India, Canada discuss ways to strengthen collaboration in science and tech
India and Canada discussed ways to ramp up cooperation in science and technology by strengthening existing international connections, sharing best practices, and initiating new collaborations between governments and institutions, a statement said on Monday.
The statement follows a conference organized virtually by the India-Canada Centre for Innovative Multidisciplinary Partnership to Accelerate Community Transformation and Sustainability (IC-IMPACTS) on August 6.
In the Round Table following the inauguration of the conference, detailed presentations were made on bilateral activities being pursued under the Department of Science and Technology-Department of Biotechnology (DBT)-IC-IMPACTS program, the statement said.
DST International Cooperation Adviser and Head SK Varshney highlighted joint research in emerging sciences with potential for translating research into marketable applications of social relevance, it said.
Highlighting the importance of Indo-Canadian Science and Technology cooperation, DST Secretary Ashutosh Sharma said it should be explored as to how the cooperation can be taken to a different level.
Best practices in the areas of women in science, technology deployment, diversity in science, and STEM at schools could be shared between them, besides exploring new research in Artificial Intelligence, Quantum Sciences, and Electric Mobility, a statement quoting Sharma said.
IC-IMPACTS scientific director and CEO Nemy Banthia informed that the IC-IMPACT has resulted in 1,129 publications, 63 bilateral research projects, 24 technology deployments, 352 partnerships, and 29 patents and technology disclosures.
He also said that approximately 200 highly qualified Indian students and a large number of Canadian students, most of whom are masters, Ph.D., and post-doctoral fellows were trained under the IC-IMPACT.
Projects implemented under this partnership have directly resulted in seven start-ups and the creation of many jobs for young graduates.
DBT Secretary Renu Swarup emphasised the need to initiate new collaborations and networking with the Canadian government and institutions.
Alejandro Adem, president, Natural Sciences and Engineering Research Council of Canada, also showed his enthusiasm for joint collaboration in applications ranging from quantum science, artificial intelligence to health sciences, the statement added.
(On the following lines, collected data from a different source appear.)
lemma openin_ucc_topology_ball_at: "openin ucc_topology {g. dist (g n) a < r}"
  unfolding openin_ucc_topology
proof
  fix f assume f: "f \<in> {g. dist (g n) a < r}"
  have "{g. \<forall>m\<in>{n}. norm (g m - f m) < r - dist (f n) a} \<subseteq> {g. dist (g n) a < r}"
  proof
    fix g assume "g \<in> {g. \<forall>m\<in>{n}. norm (g m - f m) < r - dist (f n) a}"
    then have "dist (g n) (f n) < r - dist (f n) a"
      by (simp add: dist_norm)
    then show "g \<in> {g. dist (g n) a < r}"
      using dist_triangle[of "g n" a "f n"] by simp
  qed
  then show "\<exists>K e. compact K \<and> e > 0 \<and> {g. \<forall>n\<in>K. norm (g n - f n) < e} \<subseteq> {g. dist (g n) a < r}"
    using f by (intro exI[of _ "{n}"] exI[of _ "r - dist (f n) a"]) auto
qed

lemma Hausdorff_space_ucc_topology: "Hausdorff_space ucc_topology"
  unfolding Hausdorff_space_def
proof (intro allI impI)
  fix f g :: "nat \<Rightarrow> complex"
  assume "f \<in> topspace ucc_topology \<and> g \<in> topspace ucc_topology \<and> f \<noteq> g"
  then obtain n where n: "f n \<noteq> g n"
    by auto
  define r where "r = dist (f n) (g n) / 2"
  have "\<not> (dist (h n) (f n) < r \<and> dist (h n) (g n) < r)" for h
    using dist_triangle[of "f n" "g n" "h n"] dist_commute[of "f n" "h n"] unfolding r_def by linarith
  then have "disjnt {h. dist (h n) (f n) < r} {h. dist (h n) (g n) < r}"
    by (auto simp: disjnt_iff)
  moreover have "r > 0"
    using n by (simp add: r_def)
  ultimately show "\<exists>U V. openin ucc_topology U \<and> openin ucc_topology V \<and> f \<in> U \<and> g \<in> V \<and> disjnt U V"
    by (intro exI[of _ "{h. dist (h n) (f n) < r}"] exI[of _ "{h. dist (h n) (g n) < r}"] conjI
        openin_ucc_topology_ball_at) simp_all
qed

lemma chi_eq_one_below: "enat n \<le> k \<Longrightarrow> chi q k n = 1"
  by (cases k) (auto simp: chi_def)

lemma continuous_map_chi: "continuous_map euclidean ucc_topology (chi q)"
  unfolding continuous_map_def topspace_ucc_topology
proof (intro conjI allI impI)
  fix U assume U: "openin ucc_topology U"
  have "\<exists>M. {enat M<..} \<subseteq> {x. chi q x \<in> U}" if "chi q \<infinity> \<in> U"
  proof -
    obtain K e where K: "compact K" and e: "e > 0"
      and nbhd: "{g. \<forall>n\<in>K. norm (g n - chi q \<infinity> n) < e} \<subseteq> U"
      using U \<open>chi q \<infinity> \<in> U\<close> unfolding openin_ucc_topology by meson
    obtain M where M: "\<And>n. n \<in> K \<Longrightarrow> n \<le> M"
      using compact_attains_sup[OF K] by (metis empty_iff)
    have "chi q x \<in> U" if "enat M < x" for x
    proof -
      have "chi q x n = chi q \<infinity> n" if "n \<in> K" for n
      proof -
        have "enat n \<le> x"
          using M[OF that] \<open>enat M < x\<close> by (meson enat_ord_simps(1) order.trans less_imp_le)
        then show ?thesis
          by (simp add: chi_eq_one_below)
      qed
      then have "chi q x \<in> {g. \<forall>n\<in>K. norm (g n - chi q \<infinity> n) < e}"
        using e by simp
      with nbhd show ?thesis
        by (rule subsetD)
    qed
    then show ?thesis
      by (intro exI[of _ M]) auto
  qed
  then show "openin euclidean {x \<in> topspace euclidean. chi q x \<in> U}"
    by (simp add: open_enat_iff)
qed simp

lemma at_conv_off_diagonal:
  "m \<noteq> n \<or> m = 0 \<and> n = 0 \<Longrightarrow> at_conv q c m n = c (max m n)"
proof -
  assume mn: "m \<noteq> n \<or> m = 0 \<and> n = 0"
  then have "{j. conv q m n j \<noteq> 0} = {max m n}"
    by (auto simp: conv_def)
  then show ?thesis
    using mn by (simp add: at_conv_def conv_def)
qed

lemma character_off_diagonal:
  assumes "\<And>m n. at_conv q c m n = c m * c n" and "m < n"
  shows "c m * c n = c n"
  using assms at_conv_off_diagonal[of m n q c] by (simp add: max_def)

lemma character_zero:
  assumes char: "\<And>m n. at_conv q c m n = c m * c n" and nz: "c \<noteq> (\<lambda>_. 0)"
  shows "c 0 = 1"
proof (rule ccontr)
  assume "c 0 \<noteq> 1"
  then have "c 0 = 0"
    using char[of 0 0] at_conv_off_diagonal[of 0 0 q c] by auto
  then have "c n = 0" for n
    using character_off_diagonal[OF char, of 0 n] by (cases n) auto
  with nz show False
    by auto
qed

lemma character_eq_one_below:
  assumes "\<And>m n. at_conv q c m n = c m * c n" and "m < n" and "c n \<noteq> 0"
  shows "c m = 1"
  using character_off_diagonal[OF assms(1,2)] assms(3) by simp

text \<open>The assumptions of the theorem without those that only serve to make (S, *) a
  hypergroup (finiteness of the supports, L_n contained in Q_n, and the inequality);
  the first two of these also follow from the ones kept.\<close>

locale max_hypergroup =
  fixes q :: "nat \<Rightarrow> nat \<Rightarrow> real"
  assumes q_nonneg: "\<And>n j. n \<ge> 1 \<Longrightarrow> q n j \<ge> 0"
    and sum_support_q: "\<And>n. n \<ge> 1 \<Longrightarrow> (\<Sum>j\<in>{j. q n j \<noteq> 0}. q n j) = 1"
    and q_zero_nonzero: "\<And>n. n \<ge> 1 \<Longrightarrow> q n 0 \<noteq> 0"
    and support_q: "\<And>n. n \<ge> 1 \<Longrightarrow> {j. q n j \<noteq> 0} \<subseteq> Lset n \<union> {n}"
    and q_zero_mult: "\<And>m n. 0 < m \<Longrightarrow> m < n \<Longrightarrow> q n 0 = q n m * q m 0"
begin

lemma sum_support_q_eq_sum_atMost:
  fixes f :: "nat \<Rightarrow> 'a::real_vector"
  assumes "n \<ge> 1"
  shows "(\<Sum>j\<in>{j. q n j \<noteq> 0}. q n j *\<^sub>R f j) = (\<Sum>j\<le>n. q n j *\<^sub>R f j)"
  using support_q[OF assms] by (intro sum.mono_neutral_left) (auto simp: Lset_def)

lemma sum_q_atMost: "n \<ge> 1 \<Longrightarrow> (\<Sum>j\<le>n. q n j) = 1"
  using sum_support_q_eq_sum_atMost[of n "\<lambda>_. 1::real"] sum_support_q[of n] by simp

lemma sum_q_lessThan: "n \<ge> 1 \<Longrightarrow> (\<Sum>j<n. q n j) = 1 - q n n"
  using sum_q_atMost[of n] by (simp add: lessThan_Suc_atMost[symmetric])

lemma q_zero_pos: "n \<ge> 1 \<Longrightarrow> q n 0 > 0"
  using q_nonneg[of n 0] q_zero_nonzero[of n] by linarith

lemma haar_pos: "haar q n > 0"
  using q_zero_pos[of n] by (auto simp: haar_def conv_def)

lemma q_eq_haar: "j < n \<Longrightarrow> q n j = q n 0 * haar q j"
  using q_zero_mult[of j n] q_zero_nonzero[of j] by (auto simp: haar_def conv_def field_simps)

lemma q_diagonal_less_one: "n \<ge> 1 \<Longrightarrow> q n n < 1"
  using sum_q_lessThan[of n] member_le_sum[of 0 "{..<n}" "q n"] q_nonneg[of n] q_zero_pos[of n]
  by force

lemma beta_eq_q_diagonal: "beta q k = q (k+1) (k+1) - 1"
proof -
  have "(\<Sum>j<k+1. q (k+1) j) = q (k+1) 0 * haar_set q (Lset (k+1))"
    unfolding haar_set_def Lset_def sum_distrib_left by (intro sum.cong) (auto intro!: q_eq_haar)
  then have "1 - q (k+1) (k+1) = haar_set q (Lset (k+1)) / haar q (k+1)"
    using sum_q_lessThan[of "k+1"] by (simp add: haar_def conv_def mult.commute)
  then show ?thesis
    by (simp add: beta_def)
qed

lemma beta_neg: "beta q k < 0"
  using beta_eq_q_diagonal q_diagonal_less_one[of "k+1"] by simp

lemma at_conv_diagonal:
  "n \<ge> 1 \<Longrightarrow> at_conv q c n n = (\<Sum>j\<le>n. complex_of_real (q n j) * c j)"
  using sum_support_q_eq_sum_atMost[of n c] by (simp add: at_conv_def conv_def scaleR_conv_of_real)

definition chi_real :: "enat \<Rightarrow> nat \<Rightarrow> real" where
  "chi_real k n = (case k of \<infinity> \<Rightarrow> 1
     | enat k \<Rightarrow> (if n \<le> k then 1 else if n = k + 1 then beta q k else 0))"

lemma chi_eq_of_real_chi_real: "chi q k n = complex_of_real (chi_real k n)"
  by (cases k) (auto simp: chi_def chi_real_def)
DST has been working with IC-IMPACTS for research partnerships since 2013. This partnership is aimed towards working hand-in-hand with communities in the two countries to develop community-based solutions for the most urgent needs, the statement said.
The major focus areas of research cooperation under the IC-IMPACT are green buildings and smart cities; occupants survivability in buildings during fires; integrated water management and safe and sustainable infrastructure; and health problems arising from water-borne and infectious diseases, it added.